** Opening Supplied records block **

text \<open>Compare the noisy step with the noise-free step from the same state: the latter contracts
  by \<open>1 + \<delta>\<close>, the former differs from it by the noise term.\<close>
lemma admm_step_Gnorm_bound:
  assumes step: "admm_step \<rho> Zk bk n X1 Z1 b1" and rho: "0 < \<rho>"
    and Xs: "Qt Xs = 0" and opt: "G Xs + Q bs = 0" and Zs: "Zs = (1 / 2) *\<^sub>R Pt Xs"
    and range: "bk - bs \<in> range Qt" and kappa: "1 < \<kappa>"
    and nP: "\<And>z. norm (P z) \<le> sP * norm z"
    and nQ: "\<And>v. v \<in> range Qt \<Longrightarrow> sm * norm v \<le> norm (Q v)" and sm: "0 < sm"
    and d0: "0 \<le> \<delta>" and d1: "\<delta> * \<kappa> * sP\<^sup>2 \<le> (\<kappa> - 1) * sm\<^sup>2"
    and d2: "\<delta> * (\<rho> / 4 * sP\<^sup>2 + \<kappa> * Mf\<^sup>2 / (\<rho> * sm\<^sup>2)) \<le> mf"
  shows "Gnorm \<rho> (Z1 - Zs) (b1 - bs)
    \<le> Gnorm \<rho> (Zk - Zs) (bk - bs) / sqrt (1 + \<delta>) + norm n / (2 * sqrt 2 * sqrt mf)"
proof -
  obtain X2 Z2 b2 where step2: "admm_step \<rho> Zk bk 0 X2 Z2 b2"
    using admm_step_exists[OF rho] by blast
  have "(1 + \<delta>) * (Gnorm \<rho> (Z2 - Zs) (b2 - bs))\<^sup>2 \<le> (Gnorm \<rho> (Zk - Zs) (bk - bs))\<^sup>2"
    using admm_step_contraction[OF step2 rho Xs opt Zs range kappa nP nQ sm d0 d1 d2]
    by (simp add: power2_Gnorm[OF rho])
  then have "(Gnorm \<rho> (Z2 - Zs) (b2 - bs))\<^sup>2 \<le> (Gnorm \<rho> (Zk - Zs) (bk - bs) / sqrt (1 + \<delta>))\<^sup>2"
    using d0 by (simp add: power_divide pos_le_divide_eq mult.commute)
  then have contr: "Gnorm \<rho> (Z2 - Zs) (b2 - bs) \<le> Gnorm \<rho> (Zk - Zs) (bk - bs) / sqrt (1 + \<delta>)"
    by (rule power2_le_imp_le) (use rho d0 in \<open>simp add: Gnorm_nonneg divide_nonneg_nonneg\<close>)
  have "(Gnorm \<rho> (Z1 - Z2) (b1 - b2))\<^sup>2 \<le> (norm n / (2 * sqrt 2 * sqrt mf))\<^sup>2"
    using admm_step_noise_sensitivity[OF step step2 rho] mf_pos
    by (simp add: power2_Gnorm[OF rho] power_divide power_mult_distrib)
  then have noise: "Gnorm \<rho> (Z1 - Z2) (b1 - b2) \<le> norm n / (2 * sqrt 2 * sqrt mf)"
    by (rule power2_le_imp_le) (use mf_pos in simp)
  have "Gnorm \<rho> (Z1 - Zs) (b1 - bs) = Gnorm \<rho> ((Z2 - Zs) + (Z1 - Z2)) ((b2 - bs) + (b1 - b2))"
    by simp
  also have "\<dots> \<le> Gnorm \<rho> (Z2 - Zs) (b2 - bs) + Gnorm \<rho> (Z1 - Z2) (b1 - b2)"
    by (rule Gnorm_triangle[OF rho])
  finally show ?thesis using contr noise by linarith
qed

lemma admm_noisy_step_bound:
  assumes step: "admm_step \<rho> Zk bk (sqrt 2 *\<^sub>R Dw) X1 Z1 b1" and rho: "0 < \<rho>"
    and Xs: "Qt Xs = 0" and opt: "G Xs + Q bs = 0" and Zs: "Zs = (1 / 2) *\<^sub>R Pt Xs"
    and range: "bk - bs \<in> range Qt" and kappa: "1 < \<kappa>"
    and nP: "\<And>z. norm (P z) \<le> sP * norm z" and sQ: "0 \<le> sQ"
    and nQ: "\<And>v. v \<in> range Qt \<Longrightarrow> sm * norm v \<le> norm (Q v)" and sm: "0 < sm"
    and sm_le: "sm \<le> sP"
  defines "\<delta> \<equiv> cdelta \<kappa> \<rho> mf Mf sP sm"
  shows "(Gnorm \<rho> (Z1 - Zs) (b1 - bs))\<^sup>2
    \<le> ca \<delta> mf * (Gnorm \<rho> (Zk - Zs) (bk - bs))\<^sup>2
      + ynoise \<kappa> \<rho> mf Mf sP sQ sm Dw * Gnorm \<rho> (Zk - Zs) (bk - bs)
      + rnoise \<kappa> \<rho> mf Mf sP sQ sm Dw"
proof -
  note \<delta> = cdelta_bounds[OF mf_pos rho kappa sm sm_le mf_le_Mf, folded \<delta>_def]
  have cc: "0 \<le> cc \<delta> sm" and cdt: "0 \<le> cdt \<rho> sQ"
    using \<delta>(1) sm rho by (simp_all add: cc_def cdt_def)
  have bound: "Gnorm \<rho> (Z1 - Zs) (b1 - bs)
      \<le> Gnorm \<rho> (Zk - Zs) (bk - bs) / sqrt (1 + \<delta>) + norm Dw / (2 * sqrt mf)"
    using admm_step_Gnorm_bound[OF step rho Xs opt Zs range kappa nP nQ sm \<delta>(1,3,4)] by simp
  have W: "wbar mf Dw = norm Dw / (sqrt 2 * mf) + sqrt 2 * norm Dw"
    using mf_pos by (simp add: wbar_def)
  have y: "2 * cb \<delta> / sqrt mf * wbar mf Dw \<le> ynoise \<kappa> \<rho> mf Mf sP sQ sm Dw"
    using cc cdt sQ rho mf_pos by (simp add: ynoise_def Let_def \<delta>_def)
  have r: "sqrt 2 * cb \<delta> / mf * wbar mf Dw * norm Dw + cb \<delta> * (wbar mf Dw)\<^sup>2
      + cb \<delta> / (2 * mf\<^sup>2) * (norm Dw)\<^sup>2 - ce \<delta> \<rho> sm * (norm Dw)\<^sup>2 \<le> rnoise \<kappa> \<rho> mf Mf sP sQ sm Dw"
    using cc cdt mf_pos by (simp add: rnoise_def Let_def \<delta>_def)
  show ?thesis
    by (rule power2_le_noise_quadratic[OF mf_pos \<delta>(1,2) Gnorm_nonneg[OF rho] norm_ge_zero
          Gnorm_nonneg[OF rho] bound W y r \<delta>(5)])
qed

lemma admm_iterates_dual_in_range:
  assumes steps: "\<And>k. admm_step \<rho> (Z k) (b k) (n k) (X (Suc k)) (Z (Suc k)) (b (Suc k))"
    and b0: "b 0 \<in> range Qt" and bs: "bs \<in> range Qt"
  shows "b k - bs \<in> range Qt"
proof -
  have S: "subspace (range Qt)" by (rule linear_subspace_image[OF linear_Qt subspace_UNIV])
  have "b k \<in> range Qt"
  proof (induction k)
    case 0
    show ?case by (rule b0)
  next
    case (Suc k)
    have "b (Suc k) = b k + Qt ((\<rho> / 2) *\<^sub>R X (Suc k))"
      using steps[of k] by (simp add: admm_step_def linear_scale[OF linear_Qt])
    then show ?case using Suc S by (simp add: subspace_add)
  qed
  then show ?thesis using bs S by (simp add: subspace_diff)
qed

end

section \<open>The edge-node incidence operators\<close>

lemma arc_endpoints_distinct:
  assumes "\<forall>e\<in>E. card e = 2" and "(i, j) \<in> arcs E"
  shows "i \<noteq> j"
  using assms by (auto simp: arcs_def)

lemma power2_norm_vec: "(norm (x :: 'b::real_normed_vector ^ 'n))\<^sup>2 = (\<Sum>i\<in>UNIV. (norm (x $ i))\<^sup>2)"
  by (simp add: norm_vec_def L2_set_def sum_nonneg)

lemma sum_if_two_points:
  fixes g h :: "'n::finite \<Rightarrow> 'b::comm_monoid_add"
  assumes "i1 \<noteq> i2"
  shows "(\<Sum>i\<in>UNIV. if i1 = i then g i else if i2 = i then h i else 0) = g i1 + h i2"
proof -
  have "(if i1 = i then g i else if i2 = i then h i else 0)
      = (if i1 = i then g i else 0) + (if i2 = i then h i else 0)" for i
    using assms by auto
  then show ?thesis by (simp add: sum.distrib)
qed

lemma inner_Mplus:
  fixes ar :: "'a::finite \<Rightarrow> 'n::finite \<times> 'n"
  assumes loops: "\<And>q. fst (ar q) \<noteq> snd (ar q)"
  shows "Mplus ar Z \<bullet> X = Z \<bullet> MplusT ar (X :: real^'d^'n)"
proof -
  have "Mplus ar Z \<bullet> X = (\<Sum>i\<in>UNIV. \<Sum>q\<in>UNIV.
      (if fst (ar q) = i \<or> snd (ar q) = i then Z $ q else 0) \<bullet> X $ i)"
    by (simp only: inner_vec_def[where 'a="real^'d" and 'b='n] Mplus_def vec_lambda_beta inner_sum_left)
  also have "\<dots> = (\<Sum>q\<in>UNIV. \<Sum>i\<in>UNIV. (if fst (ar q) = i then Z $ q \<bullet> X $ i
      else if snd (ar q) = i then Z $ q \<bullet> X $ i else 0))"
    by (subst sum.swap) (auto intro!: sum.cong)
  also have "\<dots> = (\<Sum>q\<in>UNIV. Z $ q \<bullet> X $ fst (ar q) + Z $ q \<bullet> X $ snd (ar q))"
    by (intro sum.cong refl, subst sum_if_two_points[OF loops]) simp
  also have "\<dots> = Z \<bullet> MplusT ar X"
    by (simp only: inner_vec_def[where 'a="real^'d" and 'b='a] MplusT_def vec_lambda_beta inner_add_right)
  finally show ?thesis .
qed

** Closing Supplied records block **

* _Your assignment_
In the answer, please give only the lines from the line containing "else if snd" through the final line of the data, copied exactly.

* _Exercise solution_
      else if snd (ar q) = i then Z $ q \<bullet> X $ i else 0))"
    by (subst sum.swap) (auto intro!: sum.cong)
  also have "\<dots> = (\<Sum>q\<in>UNIV. Z $ q \<bullet> X $ fst (ar q) + Z $ q \<bullet> X $ snd (ar q))"
    by (intro sum.cong refl, subst sum_if_two_points[OF loops]) simp
  also have "\<dots> = Z \<bullet> MplusT ar X"
    by (simp only: inner_vec_def[where 'a="real^'d" and 'b='a] MplusT_def vec_lambda_beta inner_add_right)
  finally show ?thesis .
qed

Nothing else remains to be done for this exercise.